Python polars学习-02 上下文与表达式

最新推荐文章于 2024-05-14 11:00:23 发布

数据人阿多

最新推荐文章于 2024-05-14 11:00:23 发布

阅读量675

点赞数 22

文章标签： python polars

本文链接：https://blog.csdn.net/zhangtingduo/article/details/138316422

版权

背景

polars学习系列文章，第2篇，上下文与表达式。
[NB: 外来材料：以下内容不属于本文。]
lemma selected_noise_eq:
  "first_argmin lam (\<lambda>i. e (Inr (s, i, 1))) l \<Longrightarrow> selected_noise lam e s j = e (Inr (s, l, j))"
  unfolding selected_noise_def by (rule sum_first_argmin)

lemma csa_p_first_coordinate:
  assumes "lam \<ge> 1" "\<sigma>0 > 0"
  shows "csa_p n lam c d (\<lambda>x. x 1) X0 \<sigma>0 p0 xi t = cum_path lam c (noise_env p0 xi) t"
proof (induction t)
  case 0
  then show ?case by (simp add: csa_p_def noise_env_def fun_eq_iff)
next
  case (Suc t)
  obtain X p \<sigma> where st: "csa_state n lam c d (\<lambda>x. x 1) X0 \<sigma>0 p0 xi t = (X, p, \<sigma>)"
    by (metis prod_cases3)
  have "\<sigma> > 0" using csa_sigma_pos[OF assms(2), of n lam c d "\<lambda>x. x 1" X0 p0 xi t] st
    by (simp add: csa_sigma_def)
  then have "first_argmin lam (\<lambda>i. noise_env p0 xi (Inr (t, i, 1))) (csa_sel (\<lambda>x. x 1) lam X \<sigma> (xi t))"
    using csa_sel_first_coordinate[OF _ assms(1)] by (simp add: noise_env_def)
  then have "xi t (csa_sel (\<lambda>x. x 1) lam X \<sigma> (xi t)) j = selected_noise lam (noise_env p0 xi) t j" for j
    by (simp add: selected_noise_eq noise_env_def)
  moreover have "p = cum_path lam c (noise_env p0 xi) t" using Suc st by (simp add: csa_p_def)
  ultimately show ?case unfolding csa_p_def csa_state.simps st Let_def prod.case by simp
qed

definition past_noise :: "nat \<Rightarrow> nat \<Rightarrow> nat \<Rightarrow> noise_index set" where
  "past_noise lam j t = {Inl j} \<union> {Inr (s, l, j') | s l j'. s < t \<and> l \<in> {1..lam} \<and> j' \<in> {1, j}}"

definition current_noise :: "nat \<Rightarrow> nat \<Rightarrow> nat \<Rightarrow> noise_index set" where
  "current_noise lam j t = {Inr (t, l, j') | l j'. l \<in> {1..lam} \<and> j' \<in> {1, j}}"

lemma past_noise_mono: "t \<le> T \<Longrightarrow> past_noise lam j t \<subseteq> past_noise lam j T"
  unfolding past_noise_def by auto

lemma past_current_noise_disjoint: "past_noise lam j t \<inter> current_noise lam j t = {}"
  unfolding past_noise_def current_noise_def by auto

lemma selected_noise_cong:
  assumes "\<And>k. k \<in> current_noise lam j s \<Longrightarrow> e k = e' k"
  shows "selected_noise lam e s j = selected_noise lam e' s j"
  unfolding selected_noise_def
proof (rule sum.cong)
  fix l assume l: "l \<in> {1..lam}"
  then have "first_argmin lam (\<lambda>i. e (Inr (s, i, 1))) l = first_argmin lam (\<lambda>i. e' (Inr (s, i, 1))) l"
    by (intro first_argmin_cong) (auto intro: assms simp: current_noise_def)
  moreover have "e (Inr (s, l, j)) = e' (Inr (s, l, j))"
    using l by (intro assms) (auto simp: current_noise_def)
  ultimately show "(if first_argmin lam (\<lambda>i. e (Inr (s, i, 1))) l then e (Inr (s, l, j)) else 0) =
        (if first_argmin lam (\<lambda>i. e' (Inr (s, i, 1))) l then e' (Inr (s, l, j)) else 0)"
    by simp
qed simp

lemma cum_path_cong:
  "(\<And>k. k \<in> past_noise lam j t \<Longrightarrow> e k = e' k) \<Longrightarrow> cum_path lam c e t j = cum_path lam c e' t j"
proof (induction t)
  case 0 then show ?case by (simp add: past_noise_def)
next
  case (Suc t)
  have "cum_path lam c e t j = cum_path lam c e' t j"
    using Suc by (intro Suc.IH) (auto simp: past_noise_def)
  moreover have "selected_noise lam e t j = selected_noise lam e' t j"
    using Suc.prems by (intro selected_noise_cong) (auto simp: past_noise_def current_noise_def)
  ultimately show ?case by simp
qed

lemma measurable_component_PiM_borel:
  "(\<lambda>x. x k) \<in> borel_measurable (PiM A (\<lambda>_. (borel :: real measure)))"
proof (cases "k \<in> A")
  case False
  have "\<And>x. x \<in> space (PiM A (\<lambda>_. (borel :: real measure))) \<Longrightarrow> x k = undefined"
    using False by (auto simp: space_PiM intro: PiE_arb)
  then show ?thesis by (subst measurable_cong[where g="\<lambda>_. undefined"]) simp_all
qed simp

lemma pred_first_argmin[measurable]:
  fixes A :: "noise_index set"
  shows "Measurable.pred (PiM A (\<lambda>_. borel :: real measure)) (\<lambda>e. first_argmin lam (\<lambda>i. e (Inr (s, i, 1))) l)"
proof (cases "l \<in> {1..lam}")
  case True
  have le: "Measurable.pred (PiM A (\<lambda>_. borel :: real measure)) (\<lambda>e. e a \<le> e b)" for a b
    unfolding pred_def by (intro borel_measurable_le measurable_component_PiM_borel)
  have less: "Measurable.pred (PiM A (\<lambda>_. borel :: real measure)) (\<lambda>e. e a < e b)" for a b
    unfolding pred_def by (intro borel_measurable_less measurable_component_PiM_borel)
  have eq: "(\<lambda>e. first_argmin lam (\<lambda>i. e (Inr (s, i, 1))) l) = (\<lambda>e.
      (\<forall>k\<in>{1..lam}. e (Inr (s, l, 1)) \<le> e (Inr (s, k, 1))) \<and> (\<forall>k\<in>{1..<l}. e (Inr (s, l, 1)) < e (Inr (s, k, 1))))"
    using True by (simp add: first_argmin_def fun_eq_iff)
  show ?thesis
    unfolding eq by (intro pred_intros_logic pred_intros_finite le less finite_atLeastAtMost finite_atLeastLessThan)
next
  case False
  then have eq: "(\<lambda>e. first_argmin lam (\<lambda>i. e (Inr (s, i, 1))) l) = (\<lambda>e. False)"
    by (auto simp: first_argmin_def fun_eq_iff)
  show ?thesis unfolding eq by simp
qed

lemma borel_measurable_selected_noise[measurable]:
  fixes A :: "noise_index set"
  shows "(\<lambda>e. selected_noise lam e s j) \<in> borel_measurable (PiM A (\<lambda>_. (borel :: real measure)))"
  unfolding selected_noise_def
  by (intro borel_measurable_sum measurable_If measurable_component_PiM_borel measurable_const
      pred_first_argmin[unfolded pred_def]) simp

lemma borel_measurable_cum_path[measurable]:
  fixes A :: "noise_index set"
  shows "(\<lambda>e. cum_path lam c e t j) \<in> borel_measurable (PiM A (\<lambda>_. (borel :: real measure)))"
  by (induction t) (simp_all add: measurable_component_PiM_borel)

lemma cumulation_coeffs_sq_sum:
  fixes c :: real
  assumes "0 \<le> c" "c \<le> 2"
  shows "(1 - c) ^ 2 + sqrt (c * (2 - c)) ^ 2 = 1"
proof -
  have "sqrt (c * (2 - c)) ^ 2 = c * (2 - c)" using assms by simp
  then show ?thesis by (simp add: power2_eq_square algebra_simps)
qed

locale csa_noise = prob_space M for M :: "'a measure" +
  fixes n lam :: nat and c :: real and p0 :: "nat \<Rightarrow> 'a \<Rightarrow> real"
    and xi :: "nat \<Rightarrow> nat \<Rightarrow> nat \<Rightarrow> 'a \<Rightarrow> real"
  assumes n_ge_1: "n \<ge> 1" and lam_ge_1: "lam \<ge> 1" and c_pos: "0 < c" and c_less_1: "c < 1"
    and indep: "indep_vars (\<lambda>_. borel)
           (\<lambda>k. case k of Inl j \<Rightarrow> p0 j | Inr (t, i, j) \<Rightarrow> xi t i j)
           ({Inl j | j. j \<in> {1..n}} \<union> {Inr (t, i, j) | t i j. i \<in> {1..lam} \<and> j \<in> {1..n}})"
    and p0_std_normal: "\<forall>j\<in>{1..n}. distributed M lborel (p0 j) std_normal_density"
    and xi_std_normal: "\<forall>t. \<forall>i\<in>{1..lam}. \<forall>j\<in>{1..n}. distributed M lborel (xi t i j) std_normal_density"
begin

definition noise :: "noise_index \<Rightarrow> 'a \<Rightarrow> real" where
  "noise = (\<lambda>k. case k of Inl j \<Rightarrow> p0 j | Inr (t, i, j) \<Rightarrow> xi t i j)"

definition noise_indices :: "noise_index set" where
  "noise_indices = {Inl j | j. j \<in> {1..n}} \<union> {Inr (t, i, j) | t i j. i \<in> {1..lam} \<and> j \<in> {1..n}}"

definition noise_on :: "noise_index set \<Rightarrow> 'a \<Rightarrow> noise_index \<Rightarrow> real" where
  "noise_on A \<omega> = restrict (\<lambda>k. noise k \<omega>) A"

definition path_coord :: "nat \<Rightarrow> nat \<Rightarrow> 'a \<Rightarrow> real" where
  "path_coord j t \<omega> = cum_path lam c (\<lambda>k. noise k \<omega>) t j"

definition sel_coord :: "nat \<Rightarrow> nat \<Rightarrow> 'a \<Rightarrow> real" where
  "sel_coord j t \<omega> = selected_noise lam (\<lambda>k. noise k \<omega>) t j"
该系列文章会分享到github，大家可以去下载jupyter文件
仓库地址：https://github.com/DataShare-duo/polars_learn

上下文与表达式概述

官方文档表述：

Polars has developed its own Domain Specific Language (DSL) for transforming data.
The language is very easy to use and allows for complex queries that remain human readable.
The two core components of the language are Contexts and Expressions

机器翻译：
Polars 开发了自己的特定领域语言 (DSL)，用于转换数据。
该语言非常容易使用，允许进行复杂的查询，但仍保持人类可读性。
该语言的两个核心组成部分是上下文和表达式

小编加工后的翻译：
Polars 自己设计了一套用于处理数据的功能。
该功能易于使用，而且能以易理解的方式进行复杂的数据处理。
上下文与表达式是该功能的两个核心组成部分。

1. Contexts 上下文
上下文是指需要计算表达式的上下文

选择：df.select(…)，df.with_columns(…)
过滤：df.filter()
分组聚合：df.group_by(…).agg(…)

2. Expressions 表达式
表达式是许多数据科学运算的核心：

选取特定的列
从一列中抽取特定的行
将一列与值相乘
从一个日期列中，提取年份
将一列字符串转换为小写
…

综上所述，在Polars中，Contexts 上下文与 Expressions 表达式，需要结合使用

小编运行环境

import sys

print('python 版本：',sys.version.split('|')[0])
#python 版本： 3.11.5 

import polars as pl

print("polars 版本：",pl.__version__)
#polars 版本： 0.20.22

演示数据

df=pl.read_csv('./data/iris.csv')

print(df.head(10))
#shape: (10, 6)
┌───────┬──────────────┬─────────────┬──────────────┬─────────────┬─────────┐
│ index ┆ Sepal.Length ┆ Sepal.Width ┆ Petal.Length ┆ Petal.Width ┆ Species │
│ ---   ┆ ---          ┆ ---         ┆ ---          ┆ ---         ┆ ---     │
│ i64   ┆ f64          ┆ f64         ┆ f64          ┆ f64         ┆ str     │
╞═══════╪══════════════╪═════════════╪══════════════╪═════════════╪═════════╡
│ 1     ┆ 5.1          ┆ 3.5         ┆ 1.4          ┆ 0.2         ┆ setosa  │
│ 2     ┆ 4.9          ┆ 3.0         ┆ 1.4          ┆ 0.2         ┆ setosa  │
│ 3     ┆ 4.7          ┆ 3.2         ┆ 1.3          ┆ 0.2         ┆ setosa  │
│ 4     ┆ 4.6          ┆ 3.1         ┆ 1.5          ┆ 0.2         ┆ setosa  │
│ 5     ┆ 5.0          ┆ 3.6         ┆ 1.4          ┆ 0.2         ┆ setosa  │
│ 6     ┆ 5.4          ┆ 3.9         ┆ 1.7          ┆ 0.4         ┆ setosa  │
│ 7     ┆ 4.6          ┆ 3.4         ┆ 1.4          ┆ 0.3         ┆ setosa  │
│ 8     ┆ 5.0          ┆ 3.4         ┆ 1.5          ┆ 0.2         ┆ setosa  │
│ 9     ┆ 4.4          ┆ 2.9         ┆ 1.4          ┆ 0.2         ┆ setosa  │
│ 10    ┆ 4.9          ┆ 3.1         ┆ 1.5          ┆ 0.1         ┆ setosa  │
└───────┴──────────────┴─────────────┴──────────────┴─────────────┴─────────┘

df.shape
#(150, 6)

选取需要的列

df.select(pl.col("Sepal.Length"))  #选取特定的列

df.select(pl.col("Sepal.Length","Petal.Length"))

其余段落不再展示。